== Segment start ==
lemma gasare_msgd_tuned_rate:
  fixes f :: "real ^ 'i::finite \<Rightarrow> real"
  assumes coord: "bij_betw coord UNIV (layer_dom NL m n)"
    and grad: "\<And>x. (f has_derivative (\<lambda>h. g x \<bullet> h)) (at x)"
    and bdd: "bdd_below (range f)"
    and lip: "\<And>x y. norm (g x - g y) \<le> L * norm (x - y)"
    and L: "0 < L"
    and kpos: "\<And>l. l < NL \<Longrightarrow> 0 < k l"
    and klt: "\<And>l. l < NL \<Longrightarrow> k l < m l * n l"
    and tau: "\<tau> = nat \<lceil>64 / (3 * delta_min NL m n k)\<rceil>"
    and eta: "\<eta> = inverse (tuned_step_inverse (delta_min NL m n k) L \<tau>)"
    and run: "gasare_msgd coord NL k \<tau> 1 \<eta> g x M S"
  shows "(\<Sum>t<T. (norm (g (x t)))^2) \<le> 2200 * L * (f (x 0) - Inf (range f)) / delta_min NL m n k powr (5/2)"
proof -
  define \<delta> where "\<delta> = delta_min NL m n k"
  define \<Delta> where "\<Delta> = f (x 0) - Inf (range f)"
  have \<delta>: "0 < \<delta>" "\<delta> \<le> 1" unfolding \<delta>_def using delta_min_bounds[OF coord kpos klt] by auto
  have \<Delta>: "0 \<le> \<Delta>" unfolding \<Delta>_def using cInf_lower[OF rangeI bdd] by simp
  have tau_lower: "64 / (3 * \<delta>) \<le> real \<tau>" and "real \<tau> \<le> 64 / (3 * \<delta>) + 1"
    using nat_ceiling_bounds[of "64 / (3 * \<delta>)"] \<delta> tau unfolding \<delta>_def by auto
  hence "real \<tau> * \<delta> \<le> 67/3" using \<delta> by (simp add: field_simps)
  have "0 < \<tau>" using tau_lower \<delta> by (cases \<tau>) auto
  have admissible: "0 < \<eta>" "\<eta> \<le> 1 / (4 * L)" "\<eta> \<le> sqrt (3 * \<delta> / (80 * L^2))"
    "\<eta> \<le> sqrt (3 * \<delta> / (80 * (real \<tau>)^2 * L^2))"
    using tuned_step_size_admissible[OF \<delta>(1) L \<open>0 < \<tau>\<close>] unfolding eta \<delta>_def by auto
  have "(\<Sum>t<T. (norm (g (x t)))^2) \<le> (\<Sum>t<T * \<tau>. (norm (g (x t)))^2)"
    using \<open>0 < \<tau>\<close> by (intro sum_mono2) auto
  also have "\<dots> \<le> 16 * \<Delta> / (\<delta> * \<eta>)"
    unfolding \<Delta>_def \<delta>_def
    by (rule gasare_msgd_grad_sq_sum_le[OF coord grad bdd lip L kpos klt _ _ _ _ _ _ _ run])
       (use tau_lower admissible in \<open>simp_all add: \<delta>_def\<close>)
  also have "\<dots> = 16 * \<Delta> * tuned_step_inverse \<delta> L \<tau> / \<delta>"
    using admissible(1) by (simp add: eta \<delta>_def field_simps)
  also have "\<dots> \<le> 16 * \<Delta> * (273/2 * L / (\<delta> * sqrt \<delta>)) / \<delta>"
    using tuned_step_inverse_le[OF \<delta> L \<open>real \<tau> * \<delta> \<le> 67/3\<close>] \<Delta> \<delta>
    by (intro divide_right_mono mult_left_mono) auto
  also have "\<dots> \<le> 2200 * L * \<Delta> / \<delta> powr (5/2)"
  proof -
    have "\<delta> powr (5/2) = \<delta> powr 2 * \<delta> powr (1/2)" by (simp add: powr_add[symmetric])
    hence "\<delta> powr (5/2) = \<delta> * (\<delta> * sqrt \<delta>)"
      using \<delta> by (simp add: powr_half_sqrt power2_eq_square)
    thus ?thesis using \<Delta> \<delta> L by (simp add: field_simps mult_right_mono)
  qed
  finally show ?thesis unfolding \<Delta>_def \<delta>_def .
qed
== Segment end ==
THE TASK:
Only the lines above starting at the one containing "using admissible(1) by" and ending at the one containing "using tuned_step_inverse_le[OF \<delta>", both included, are to be returned, exactly as they read.

SOLUTION FOR THIS EXERCISE:
    using admissible(1) by (simp add: eta \<delta>_def field_simps)
  also have "\<dots> \<le> 16 * \<Delta> * (273/2 * L / (\<delta> * sqrt \<delta>)) / \<delta>"
    using tuned_step_inverse_le[OF \<delta> L \<open>real \<tau> * \<delta> \<le> 67/3\<close>] \<Delta> \<delta>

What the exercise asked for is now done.